At 6", 260 lbs., and 67 yrs. - there is and never has been anything in women's clothing that's long enough for me. Summer clothes are easier, since short sleeves and shorts are OK. Winter? I just add leg-warmers and/or long socks to fill the gap between boot-top and pants' hem; longish mittens to fill the gap between sleeve cuff and wrist. Most of my outerwear is from the men's department. Drab is not my style, but they leave me no choice at the prices I'm willing to pay.
In _my_ lack of style-sense, there is no such thing as _too_ *LOUD*! Neon colours are my favourites! Clashing brights? I love 'em!


madkiwi said:


> ...There are attractive maternity clothes available in plenty, so no need to look as if one had grown out of one's gear....

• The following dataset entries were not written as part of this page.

definition full_degree :: "'a::field fps set \<Rightarrow> nat \<Rightarrow> bool" where
  "full_degree Q d \<longleftrightarrow> (\<forall>a. a \<noteq> 0 \<longrightarrow> has_leading Q d a)"

definition odd_partial_degree :: "'a::field fps set \<Rightarrow> nat \<Rightarrow> bool" where
  "odd_partial_degree Q d \<longleftrightarrow> odd d \<and> (\<exists>a. has_leading Q d a) \<and> \<not> full_degree Q d"

locale euclidean_quadratic_module =
  fixes Q :: "'a::field fps set"
  assumes euclidean: "euclidean_field TYPE('a)"
    and quadratic_module: "quadratic_module Q"
begin

lemma one_mem: "1 \<in> Q"
  using quadratic_module by (simp add: quadratic_module_def)

lemma add_mem: "x \<in> Q \<Longrightarrow> y \<in> Q \<Longrightarrow> x + y \<in> Q"
  using quadratic_module by (simp add: quadratic_module_def)

lemma square_mult_mem: "x \<in> Q \<Longrightarrow> s\<^sup>2 * x \<in> Q"
  using quadratic_module by (simp add: quadratic_module_def)

lemma zero_mem: "0 \<in> Q"
  using square_mult_mem[OF one_mem, of 0] by simp

lemma formally_real: "formally_real_field TYPE('a)"
  using euclidean by (rule euclidean_field_formally_real)

lemma mem_iff_has_leading:
  assumes "y \<noteq> 0"
  shows "y \<in> Q \<longleftrightarrow> has_leading Q (subdegree y) (y $ subdegree y)"
proof
  assume "has_leading Q (subdegree y) (y $ subdegree y)"
  then obtain x where x: "x \<in> Q" "x \<noteq> 0" "subdegree x = subdegree y" "x $ subdegree x = y $ subdegree y"
    unfolding has_leading_def by auto
  obtain s where "y = s\<^sup>2 * x"
    using fps_eq_square_mult[of x y 1 0] formally_real_field_two_neq_zero[OF formally_real] x assms
    by auto
  then show "y \<in> Q" using square_mult_mem[OF x(1)] by simp
qed (use assms in \<open>auto simp: has_leading_def\<close>)

lemma has_leading_nonzero: "has_leading Q d a \<Longrightarrow> a \<noteq> 0"
  by (auto simp: has_leading_def)

lemma has_leading_scale:
  assumes "has_leading Q d a" and "c \<noteq> 0"
  shows "has_leading Q (d + 2 * k) (a * (c * c))"
proof -
  obtain x where x: "x \<in> Q" "x \<noteq> 0" "subdegree x = d" "x $ d = a"
    using assms(1) by (auto simp: has_leading_def)
  define f where "f = fps_const c * fps_X ^ k"
  have f: "f \<noteq> 0" "subdegree f = k" "f $ k = c"
    using assms(2) by (simp_all add: f_def const_mult_X_power_neq_zero subdegree_const_mult_X_power)
  have "f\<^sup>2 * x \<in> Q" using square_mult_mem[OF x(1)] .
  moreover have "f\<^sup>2 * x \<noteq> 0" "subdegree (f\<^sup>2 * x) = d + 2 * k"
    using f x by simp_all
  moreover have "(f * f) $ (k + k) = c * c"
    using nth_subdegree_mult[of f f] f by simp
  then have "(f\<^sup>2 * x) $ (d + 2 * k) = a * (c * c)"
    using nth_subdegree_mult[of "f * f" x] f x by (simp add: power2_eq_square mult_2 add.commute)
  ultimately show ?thesis unfolding has_leading_def by blast
qed

lemma has_leading_rescale: "has_leading Q d a \<Longrightarrow> c \<noteq> 0 \<Longrightarrow> has_leading Q d (a * (c * c))"
  using has_leading_scale[of d a c 0] by simp

lemma has_leading_one: "has_leading Q 0 1"
  using one_mem by (auto simp: has_leading_def intro!: bexI[of _ 1])

lemma full_degree_if_opposite:
  assumes a: "has_leading Q d a" and a': "has_leading Q d (- a)"
  shows "full_degree Q d"
  unfolding full_degree_def
proof (intro allI impI)
  fix b :: 'a
  assume "b \<noteq> 0"
  have "a \<noteq> 0" using has_leading_nonzero[OF a] .
  obtain t where t: "b / a = t * t \<or> b / a = - (t * t)"
    using euclidean_field_square_cases[OF euclidean] by blast
  with \<open>b \<noteq> 0\<close> \<open>a \<noteq> 0\<close> have "t \<noteq> 0" by auto
  from t show "has_leading Q d b"
  proof
    assume "b / a = t * t"
    then have "b = a * (t * t)" using \<open>a \<noteq> 0\<close> by (simp add: field_simps)
    then show ?thesis using has_leading_rescale[OF a \<open>t \<noteq> 0\<close>] by simp
  next
    assume "b / a = - (t * t)"
    then have "b = - a * (t * t)" using \<open>a \<noteq> 0\<close> by (simp add: field_simps)
    then show ?thesis using has_leading_rescale[OF a' \<open>t \<noteq> 0\<close>] by simp
  qed
qed

lemma full_degree_Suc:
  assumes "full_degree Q d"
  shows "full_degree Q (Suc d)"
  unfolding full_degree_def
proof (intro allI impI)
  fix b :: 'a
  assume "b \<noteq> 0"
  define y where "y = - (fps_X ^ d) + fps_const b * fps_X ^ Suc d"
  have "y $ d = -1" by (auto simp: y_def)
  moreover have "subdegree y = d"
    by (rule subdegreeI) (simp_all add: y_def)
  moreover from \<open>y $ d = -1\<close> have "y \<noteq> 0" by auto
  ultimately have "y \<in> Q"
    using assms mem_iff_has_leading[of y] by (auto simp: full_degree_def)
  moreover have "fps_X ^ d \<in> Q"
    using assms mem_iff_has_leading[of "fps_X ^ d"] by (simp add: full_degree_def fps_X_power_subdegree)
  ultimately have "fps_X ^ d + y \<in> Q" by (rule add_mem[rotated])
  moreover have "fps_X ^ d + y = fps_const b * fps_X ^ Suc d" by (simp add: y_def)
  ultimately show "has_leading Q (Suc d) b"
    using mem_iff_has_leading[of "fps_const b * fps_X ^ Suc d"] \<open>b \<noteq> 0\<close>
    by (simp add: const_mult_X_power_neq_zero subdegree_const_mult_X_power)
qed

lemma full_degree_mono:
  assumes "full_degree Q d" and "d \<le> e"
  shows "full_degree Q e"
  using assms(2,1) by (induction e rule: dec_induct) (auto intro: full_degree_Suc)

When I was young and having my babies, I did look into buying traditional maternity clothes. They did look very nice, but there wasn't a single piece that I could afford to buy. My 'maternity wear' was nylon pull-up pants and slightly oversized t-shirts, because that was what I already _had_. The baby shower provided loads of tiny clothes that could be useful a few times before the kid outgrew them. No one ever thinks that maybe the mom-to-be might need something to wear while incubating. 
I am sure that many of today's pregnant women are in the same boat as I was. Since bare skin is acceptable by society at large, they just let it hang out.


gillian lorraine said:


> All the extra long sleeves and trouser legs irritate me,...


I wish I knew where you shop! I _still_ have trouble finding pants to cover my 36" inseam! And most women's long-sleeved tops are _still_ only three-quarter length on my 6' wingspan. 


Knitish said:


> ...There are some better manufacturers as LLBean, LandsEnd, Patagonia, REI if you are in the US that carry FULLY-functioning clothes!


Yes, if you're willing and able to pay their prices! In Canada, the equivalent seller to REI is Mountain Equipment Co-op http://www.mec.ca/AST/ContentPrimary/Services/Stores/Montreal.jsp , but I just go there to drool, not much to buy.


Dcsmith77 said:


> ... keep your hands off my tummy!


Yeah! What's with that patting of the baby-bump? I absolutely *hated* it when complete strangers would pat my belly!! Now, _that_ hits my yuk button!


yorkie1 said:


> When are they going to find out that "CLEVAGE" is despicable. I Hate it even on slender women.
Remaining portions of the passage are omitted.